Greta Clement had another of her beastly headaches. Snakes climbing through her head - from head to stomach and back again - as though the whole of her were filled with serpents looking for a ladder to wrap themselves around — her strung-out nerves.
Anywhere would do.
Headaches move on; like bored lovers they soon take up residence elsewhere. Head for the stomach; tunnel downwards. Greta places her hand across her naval. There they are. Soon she will give birth to a brood of snakes.
How melodramatic!
Perhaps I should go and lie down although it is only mid morning and there is still so much of the day to get through. I cannot face it; I must find an exit, and Greta lifts her hand to her brow.
How different is Greta from her friend Dorothy? I’m their author, I should know. Do we all merge after a while, we genteel womenfolk with our headaches.
Greta is a more diminutive character. Less operatic. She wouldn’t lie around reading The Duchess of Malfi. No.
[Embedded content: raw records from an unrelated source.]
(* Consider the chain pendulum on a cart described in the context, with configuration $(q_1,\dots,q_n,x)\in(\mathsf{S}^2)^n\times\mathbb{R}^2$, Lagrangian $L=T-V$, and a horizontal control force $u\in\mathbb{R}^2$ acting on the cart. The Euler–Lagrange equations of this system on $(\mathsf{S}^2)^n\times\mathbb{R}^2$ (obtained from the Lagrange–d'Alembert principle, with variations $\delta q_i=\xi_i\times q_i$, $\xi_i\cdot q_i=0$, and virtual work $u\cdot\delta x$) are \[ M_{00}\ddot x+\sum_{j=1}^n M_{0j}\ddot q_j=u, \] and, for each $i=1,\dots,n$, \[ -\hat q_i^2 M_{i0}\ddot x+M_{ii}\ddot q_i-\sum_{j\neq i}M_{ij}\hat q_i^2\ddot q_j=-\|\dot q_i\|^2M_{ii}q_i-\Big(\sum_{a=i}^n m_a\Big)g\,l_i\,\hat q_i^2e_3 . \] Equivalently, in terms of the angular velocities $\omega_i\in\mathbb{R}^3$ (with $\omega_i\cdot q_i=0$), they can be written as \[ M_{00}\ddot x-\sum_{j=1}^n M_{0j}\hat q_j\dot\omega_j=\sum_{j=1}^n M_{0j}\|\omega_j\|^2q_j+u, \] \[ \hat q_iM_{i0}\ddot x+M_{ii}\dot\omega_i-\sum_{j\neq i}M_{ij}\hat q_i\hat q_j\dot\omega_j=\sum_{j\neq i}M_{ij}\|\omega_j\|^2\hat q_iq_j+\Big(\sum_{a=i}^n m_a\Big)g\,l_i\,\hat q_ie_3,\quad i=1,\dots,n, \] \[ \dot q_i=\omega_i\times q_i,\quad i=1,\dots,n. \]
   Context: Let $n\ge1$. $\mathsf{S}^2=\{q\in\mathbb{R}^3:\|q\|=1\}$. Let $e_1,e_2,e_3$ be the standard basis of $\mathbb{R}^3$, with $e_3$ the direction of gravity, $g>0$ the gravitational acceleration, and $C=[e_1,e_2]\in\mathbb{R}^{3\times2}$. For $y\in\mathbb{R}^3$, $\hat y$ denotes the $3\times3$ skew-symmetric matrix with $\hat y z=y\times z$ for all $z\in\mathbb{R}^3$. A cart of mass $m>0$ moves in a horizontal plane, with position $x\in\mathbb{R}^2$ (so its inertial position is $Cx$). A serial chain of $n$ massless links joined by spherical joints is attached to the cart; link $i$ has length $l_i>0$, unit direction vector $q_i\in\mathsf{S}^2$, and a point mass $m_i>0$ at its outboard end, whose position is $x_i=Cx+\sum_{a=1}^i l_aq_a$. The angular velocity $\omega_i\in\mathbb{R}^3$ of link $i$ satisfies $\dot q_i=\omega_i\times q_i$, $\omega_i\cdot q_i=0$. Define $M_{00}=m+\sum_{i=1}^n m_i\in\mathbb{R}$, $M_{0i}=\big(\sum_{a=i}^n m_a\big)l_i\,C^T\in\mathbb{R}^{2\times3}$, $M_{i0}=M_{0i}^T$, and $M_{ij}=\big(\sum_{a=\max\{i,j\}}^n m_a\big)l_il_j\in\mathbb{R}$ for $i,j=1,\dots,n$. The kinetic energy is $T=\tfrac12M_{00}\|\dot x\|^2+\dot x\cdot\sum_{i=1}^nM_{0i}\dot q_i+\tfrac12\sum_{i,j=1}^nM_{ij}\dot q_i\cdot\dot q_j$, the potential energy is $V=-\sum_{i=1}^n\big(\sum_{a=i}^n m_a\big)g\,l_i\,e_3\cdot q_i$, and $L=T-V$. A control force $u\in\mathbb{R}^2$ acts on the cart. *)

theory Defs
  imports "HOL-Analysis.Analysis"
begin

text \<open>Parameters: cart mass m, bob masses mm i,
  link lengths l i, gravity g, number of links n (links indexed 1..n).\<close>

definition mu :: "(nat \<Rightarrow> real) \<Rightarrow> nat \<Rightarrow> nat \<Rightarrow> real" where
  "mu mm n i = (\<Sum>a=i..n. mm a)"

definition CC :: "real^2 \<Rightarrow> real^3" where
  "CC v = vector [v$1, v$2, 0]"

definition CT :: "real^3 \<Rightarrow> real^2" where
  "CT w = vector [w$1, w$2]"

definition e3 :: "real^3" where
  "e3 = vector [0, 0, 1]"

definition hat :: "real^3 \<Rightarrow> real^3 \<Rightarrow> real^3" where
  "hat y z = cross3 y z"

definition M00 :: "real \<Rightarrow> (nat \<Rightarrow> real) \<Rightarrow> nat \<Rightarrow> real" where
  "M00 m mm n = m + (\<Sum>i=1..n. mm i)"

text \<open>M_{0i} applied to a vector in R^3 (a 2x3 matrix) and M_{i0} applied to a vector in R^2\<close>
definition M0 :: "(nat \<Rightarrow> real) \<Rightarrow> (nat \<Rightarrow> real) \<Rightarrow> nat \<Rightarrow> nat \<Rightarrow> real^3 \<Rightarrow> real^2" where
  "M0 mm l n i w = (mu mm n i * l i) *\<^sub>R CT w"

definition M0' :: "(nat \<Rightarrow> real) \<Rightarrow> (nat \<Rightarrow> real) \<Rightarrow> nat \<Rightarrow> nat \<Rightarrow> real^2 \<Rightarrow> real^3" where
  "M0' mm l n i v = (mu mm n i * l i) *\<^sub>R CC v"
theorem theorem3:
  fixes L M d k :: nat and D :: "nat \<Rightarrow> nat \<Rightarrow> real" and \<sigma> :: real and x :: "nat \<Rightarrow> real"
  assumes d_pos: "d > 0" and M_pos: "M > 0"
    and sigma_pos: "\<sigma> > 0"
    and L_lt_N: "L < M * d"
    and unit_cols: "\<forall>l<M * d. (\<Sum>j<L. (D j l)\<^sup>2) = 1"
    and rank: "\<forall>I. I \<subseteq> {..<M} \<and> card I \<le> k \<longrightarrow> full_col_rank (subD L M d D I)"
    and x_in: "x \<in> Xset M d k"
  shows "(card (bsupp M d x) < k \<longrightarrow>
            (\<forall>xh. estimator L (M * d) xh \<and> finite_var L (M * d) D \<sigma> xh x \<longrightarrow>
                   \<not> X_unbiased L M d k D \<sigma> xh x))
       \<and> (card (bsupp M d x) = k \<longrightarrow>
            (\<forall>xh. estimator L (M * d) xh \<and> finite_var L (M * d) D \<sigma> xh x \<and> X_unbiased L M d k D \<sigma> xh x \<longrightarrow>
                   MSE L (M * d) D \<sigma> xh x \<ge>
                     \<sigma>\<^sup>2 * mat_trace (mat_inv (transpose_mat (subD L M d D (bsupp M d x)) * subD L M d D (bsupp M d x)))))"
proof (intro conjI impI allI)
  fix xh
  assume "card (bsupp M d x) < k" and "estimator L (M * d) xh \<and> finite_var L (M * d) D \<sigma> xh x"
  then show "\<not> X_unbiased L M d k D \<sigma> xh x"
    using no_X_unbiased_estimator[OF d_pos sigma_pos L_lt_N x_in] by blast
next
  fix xh
  assume h: "estimator L (M * d) xh \<and> finite_var L (M * d) D \<sigma> xh x \<and> X_unbiased L M d k D \<sigma> xh x"
  have "bsupp M d x \<subseteq> {..<M}" and "card (bsupp M d x) \<le> k"
    using x_in by (auto simp: bsupp_def Xset_def)
  then have "full_col_rank (subD L M d D (bsupp M d x))" using rank by blast
  then show "MSE L (M * d) D \<sigma> xh x \<ge>
      \<sigma>\<^sup>2 * mat_trace (mat_inv (transpose_mat (subD L M d D (bsupp M d x)) * subD L M d D (bsupp M d x)))"
    using MSE_lower_bound[OF d_pos sigma_pos x_in] h by blast
qed
lemma one_minus_trinomial_power:
  "\<exists>C. \<forall>s1 s2 s3 :: 'a::comm_ring_1. 1 - (s1 + s2 + s3) ^ d =
     (\<Sum>(i, j, l)\<in>trinomial_exponents d. C (i, j, l) * s1 ^ i * s2 ^ j * s3 ^ l)"
proof -
  define M where "M = {(i, j, l). i + j + l = d}"
  define c :: "nat \<times> nat \<times> nat \<Rightarrow> 'a" where
    "c = (\<lambda>(i, j, l). of_nat ((d choose i) * ((d - i) choose j)))"
  define C where "C t = (if t = (0, 0, 0) then 1 else 0) - (if t \<in> M then c t else 0)" for t
  have "M \<subseteq> trinomial_exponents d" "(0, 0, 0) \<in> trinomial_exponents d"
    unfolding M_def trinomial_exponents_def by auto
  have "1 - (s1 + s2 + s3) ^ d =
      (\<Sum>(i, j, l)\<in>trinomial_exponents d. C (i, j, l) * s1 ^ i * s2 ^ j * s3 ^ l)"
    for s1 s2 s3 :: 'a
  proof -
    define m where "m = (\<lambda>(i, j, l). s1 ^ i * s2 ^ j * s3 ^ l)"
    have "(\<Sum>t\<in>trinomial_exponents d. if t = (0, 0, 0) then m t else 0) = 1"
      using \<open>(0, 0, 0) \<in> trinomial_exponents d\<close> finite_trinomial_exponents[of d]
      by (simp add: m_def)
    moreover have "(\<Sum>t\<in>trinomial_exponents d. if t \<in> M then c t * m t else 0) = (s1 + s2 + s3) ^ d"
      using sum.inter_restrict[of "trinomial_exponents d" "\<lambda>t. c t * m t" M]
        finite_trinomial_exponents[of d] \<open>M \<subseteq> trinomial_exponents d\<close>
      by (simp add: Int_absorb1 trinomial_power_expansion)
        (simp add: M_def c_def m_def case_prod_beta mult.assoc)
    ultimately have "1 - (s1 + s2 + s3) ^ d = (\<Sum>t\<in>trinomial_exponents d.
        (if t = (0, 0, 0) then m t else 0) - (if t \<in> M then c t * m t else 0))"
      by (simp add: sum_subtractf)
    also have "\<dots> = (\<Sum>t\<in>trinomial_exponents d. C t * m t)"
      by (intro sum.cong) (auto simp: C_def m_def)
    finally show ?thesis by (simp add: m_def case_prod_beta mult.assoc)
  qed
  then show ?thesis by blast
qed

definition vec_monomial :: "('n::finite \<Rightarrow> nat) \<Rightarrow> 'a::comm_ring_1^'n \<Rightarrow> 'a" where
  "vec_monomial \<alpha> x = (\<Prod>r\<in>UNIV. (x$r) ^ \<alpha> r)"

definition low_exponents :: "nat \<Rightarrow> ('n::finite \<Rightarrow> nat) set" where
  "low_exponents q = {\<alpha>. (\<forall>r. \<alpha> r < q) \<and> 3 * sum \<alpha> UNIV \<le> (q - 1) * CARD('n)}"

lemma finite_low_exponents: "finite (low_exponents q)"
  by (rule finite_subset[OF _ finite_PiE[of UNIV "\<lambda>_. {..<q}"]]) (auto simp: low_exponents_def PiE_iff)

lemma sum_factor_through:
  fixes u :: "'e \<Rightarrow> 'c::semiring_0"
  assumes "finite A" "finite E" "e ` A \<subseteq> E"
  shows "(\<Sum>x\<in>A. u (e x) * v x) = (\<Sum>y\<in>E. u y * (\<Sum>x\<in>{x\<in>A. e x = y}. v x))"
proof -
  have "(\<Sum>x\<in>A. u (e x) * v x) = (\<Sum>y\<in>E. \<Sum>x\<in>{x\<in>A. e x = y}. u (e x) * v x)"
    by (rule sum.group[symmetric, OF assms])
  also have "\<dots> = (\<Sum>y\<in>E. u y * (\<Sum>x\<in>{x\<in>A. e x = y}. v x))"
  proof (rule sum.cong[OF refl])
    fix y
    have "(\<Sum>x\<in>{x\<in>A. e x = y}. u (e x) * v x) = (\<Sum>x\<in>{x\<in>A. e x = y}. u y * v x)"
      by (rule sum.cong) auto
    then show "(\<Sum>x\<in>{x\<in>A. e x = y}. u (e x) * v x) = u y * (\<Sum>x\<in>{x\<in>A. e x = y}. v x)"
      by (simp only: sum_distrib_left)
  qed
  finally show ?thesis .
qed

lemma indicator_zero_sum_expansion:
  fixes c a b :: "'a::{field,finite}^'n"
  assumes C: "\<forall>s1 s2 s3 :: 'a. 1 - (s1 + s2 + s3) ^ d =
      (\<Sum>(i, j, l)\<in>trinomial_exponents d. C (i, j, l) * s1 ^ i * s2 ^ j * s3 ^ l)"
    and d: "d = CARD('a) - 1"
  shows "(if c + a + b = 0 then 1 else 0) = (\<Sum>g\<in>PiE UNIV (\<lambda>_. trinomial_exponents d).
     (\<Prod>r\<in>UNIV. C (g r)) * vec_monomial (\<lambda>r. fst (g r)) c
       * vec_monomial (\<lambda>r. fst (snd (g r))) a * vec_monomial (\<lambda>r. snd (snd (g r))) b)"
proof -
  have "(if c + a + b = 0 then 1 else 0) = (\<Prod>r\<in>UNIV. 1 - (c$r + a$r + b$r) ^ d)"
    unfolding d by (subst indicator_zero_eq_prod) simp
  also have "\<dots> = (\<Prod>r\<in>UNIV. \<Sum>t\<in>trinomial_exponents d.
      C t * (c$r) ^ fst t * (a$r) ^ fst (snd t) * (b$r) ^ snd (snd t))"
    using C by (simp add: case_prod_beta)
  also have "\<dots> = (\<Sum>g\<in>PiE UNIV (\<lambda>_. trinomial_exponents d). \<Prod>r\<in>UNIV.
      C (g r) * (c$r) ^ fst (g r) * (a$r) ^ fst (snd (g r)) * (b$r) ^ snd (snd (g r)))"
    by (rule prod_sum_PiE) (auto simp: finite_trinomial_exponents)
  finally show ?thesis by (simp add: vec_monomial_def prod.distrib)
qed

lemma sum_split_into_slices:
  fixes \<kappa> :: "'g \<Rightarrow> 'c::comm_semiring_0" and u :: "'e \<Rightarrow> 'x \<Rightarrow> 'c"
  assumes "finite G" "finite E"
    and cover: "\<And>g. g \<in> G \<Longrightarrow> e1 g \<in> E \<or> e2 g \<in> E \<or> e3 g \<in> E"
  shows "\<exists>H1 H2 H3. \<forall>c a b. (\<Sum>g\<in>G. \<kappa> g * u (e1 g) c * u (e2 g) a * u (e3 g) b) =
     (\<Sum>\<alpha>\<in>E. u \<alpha> c * H1 \<alpha> a b) + (\<Sum>\<alpha>\<in>E. u \<alpha> a * H2 \<alpha> c b) + (\<Sum>\<alpha>\<in>E. u \<alpha> b * H3 \<alpha> c a)"
proof (intro exI allI)
  fix c a b
  define F where "F g = \<kappa> g * u (e1 g) c * u (e2 g) a * u (e3 g) b" for g
  define G1 where "G1 = {g\<in>G. e1 g \<in> E}"
  define G2 where "G2 = {g\<in>G. e1 g \<notin> E \<and> e2 g \<in> E}"
  define G3 where "G3 = {g\<in>G. e1 g \<notin> E \<and> e2 g \<notin> E}"
  have "G = G1 \<union> G2 \<union> G3" "G1 \<inter> G2 = {}" "(G1 \<union> G2) \<inter> G3 = {}"
    unfolding G1_def G2_def G3_def by auto
  moreover have "finite G1" "finite G2" "finite G3"
    using \<open>finite G\<close> unfolding G1_def G2_def G3_def by auto
  ultimately have "sum F G = sum F G1 + sum F G2 + sum F G3"
    by (simp add: sum.union_disjoint)
  also have "sum F G1 = (\<Sum>\<alpha>\<in>E. u \<alpha> c * (\<Sum>g\<in>{g\<in>G1. e1 g = \<alpha>}. \<kappa> g * u (e2 g) a * u (e3 g) b))"
    using sum_factor_through[of G1 E e1 "\<lambda>\<alpha>. u \<alpha> c" "\<lambda>g. \<kappa> g * u (e2 g) a * u (e3 g) b"] assms(1,2)
    unfolding F_def G1_def by (auto simp: mult_ac)
  also have "sum F G2 = (\<Sum>\<alpha>\<in>E. u \<alpha> a * (\<Sum>g\<in>{g\<in>G2. e2 g = \<alpha>}. \<kappa> g * u (e1 g) c * u (e3 g) b))"
    using sum_factor_through[of G2 E e2 "\<lambda>\<alpha>. u \<alpha> a" "\<lambda>g. \<kappa> g * u (e1 g) c * u (e3 g) b"] assms(1,2)
    unfolding F_def G2_def by (auto simp: mult_ac)
  also have "sum F G3 = (\<Sum>\<alpha>\<in>E. u \<alpha> b * (\<Sum>g\<in>{g\<in>G3. e3 g = \<alpha>}. \<kappa> g * u (e1 g) c * u (e2 g) a))"
    using sum_factor_through[of G3 E e3 "\<lambda>\<alpha>. u \<alpha> b" "\<lambda>g. \<kappa> g * u (e1 g) c * u (e2 g) a"]
      assms(1,2) cover
    unfolding F_def G3_def by (auto simp: mult_ac)
  finally show "(\<Sum>g\<in>G. \<kappa> g * u (e1 g) c * u (e2 g) a * u (e3 g) b) =
      (\<Sum>\<alpha>\<in>E. u \<alpha> c * (\<lambda>\<alpha> a b. \<Sum>g\<in>{g\<in>G1. e1 g = \<alpha>}. \<kappa> g * u (e2 g) a * u (e3 g) b) \<alpha> a b)
    + (\<Sum>\<alpha>\<in>E. u \<alpha> a * (\<lambda>\<alpha> c b. \<Sum>g\<in>{g\<in>G2. e2 g = \<alpha>}. \<kappa> g * u (e1 g) c * u (e3 g) b) \<alpha> c b)
    + (\<Sum>\<alpha>\<in>E. u \<alpha> b * (\<lambda>\<alpha> c a. \<Sum>g\<in>{g\<in>G3. e3 g = \<alpha>}. \<kappa> g * u (e1 g) c * u (e2 g) a) \<alpha> c a)"
    unfolding F_def by simp
qed

lemma low_exponents_cover:
  fixes e1 e2 e3 :: "'n::finite \<Rightarrow> nat"
  assumes "0 < q" and bound: "\<And>r. e1 r + e2 r + e3 r \<le> q - 1"
  shows "e1 \<in> low_exponents q \<or> e2 \<in> low_exponents q \<or> e3 \<in> low_exponents q"
proof -
  have "sum e1 UNIV + sum e2 UNIV + sum e3 UNIV \<le> (q - 1) * CARD('n)"
    using sum_mono[of UNIV "\<lambda>r. e1 r + e2 r + e3 r" "\<lambda>_. q - 1"] bound
    by (simp add: sum.distrib mult.commute)
  moreover have "e1 r < q" "e2 r < q" "e3 r < q" for r
    using bound[of r] \<open>0 < q\<close> by linarith+
  ultimately show ?thesis unfolding low_exponents_def by auto
qed

lemma indicator_zero_slice_decomposition:
  "\<exists>H1 H2 H3. \<forall>c a b :: 'a::{field,finite}^'n::finite.
     (if c + a + b = 0 then 1 else 0) =
       (\<Sum>\<alpha>\<in>low_exponents CARD('a). vec_monomial \<alpha> c * H1 \<alpha> a b)
     + (\<Sum>\<alpha>\<in>low_exponents CARD('a). vec_monomial \<alpha> a * H2 \<alpha> c b)
     + (\<Sum>\<alpha>\<in>low_exponents CARD('a). vec_monomial \<alpha> b * H3 \<alpha> c a)"
proof -
  define d where "d = CARD('a) - 1"
  obtain C :: "nat \<times> nat \<times> nat \<Rightarrow> 'a" where C: "\<forall>s1 s2 s3 :: 'a. 1 - (s1 + s2 + s3) ^ d =
      (\<Sum>(i, j, l)\<in>trinomial_exponents d. C (i, j, l) * s1 ^ i * s2 ^ j * s3 ^ l)"
    using one_minus_trinomial_power by blast
  \<comment> \<open>Each monomial has total degree at most \<open>d n\<close>, so one of its three partial degrees
    is at most \<open>d n / 3\<close>.\<close>
  have cover: "(\<lambda>r. fst (g r)) \<in> low_exponents CARD('a)
      \<or> (\<lambda>r. fst (snd (g r))) \<in> low_exponents CARD('a)
      \<or> (\<lambda>r. snd (snd (g r))) \<in> low_exponents CARD('a)"
    if "g \<in> PiE (UNIV :: 'n set) (\<lambda>_. trinomial_exponents d)" for g
    using that unfolding d_def trinomial_exponents_def
    by (intro low_exponents_cover) (auto simp: PiE_iff case_prod_beta)
  have "finite (PiE (UNIV :: 'n set) (\<lambda>_. trinomial_exponents d))"
    by (simp add: finite_PiE finite_trinomial_exponents)
  from sum_split_into_slices[OF this finite_low_exponents cover,
      where \<kappa> = "\<lambda>g. \<Prod>r\<in>UNIV. C (g r)" and u = vec_monomial]
  show ?thesis unfolding indicator_zero_sum_expansion[OF C d_def] .
qed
Greta likes a good murder mystery and, recently, Middlemarch. She read it at college a long time ago, although college wasn’t so long ago. Greta is just more folded away, dutiful, more of a friend than most of us. Being a friend takes time. She is a friend to Leonard, her husband. Leonard needs a friend. He is an unaware person; he doesn’t understand that people need things because he needs very little: a study, some peace, the right sort of books, probably not a parish.
Greta is aware; she is a finely tuned piano. Dorothy is aware too but she minds less than Greta because she can. She has Henry and Henry is retired and Henry is a man — all that has already been shown — Henry leaves Dorothy alone. The difference is one of circumstance. Greta lives in a threadbare manse, Dorothy in a manor. At the manor the imagination can soar; there is a high wall, there are poplar trees, there is a man raking leaves from her pond.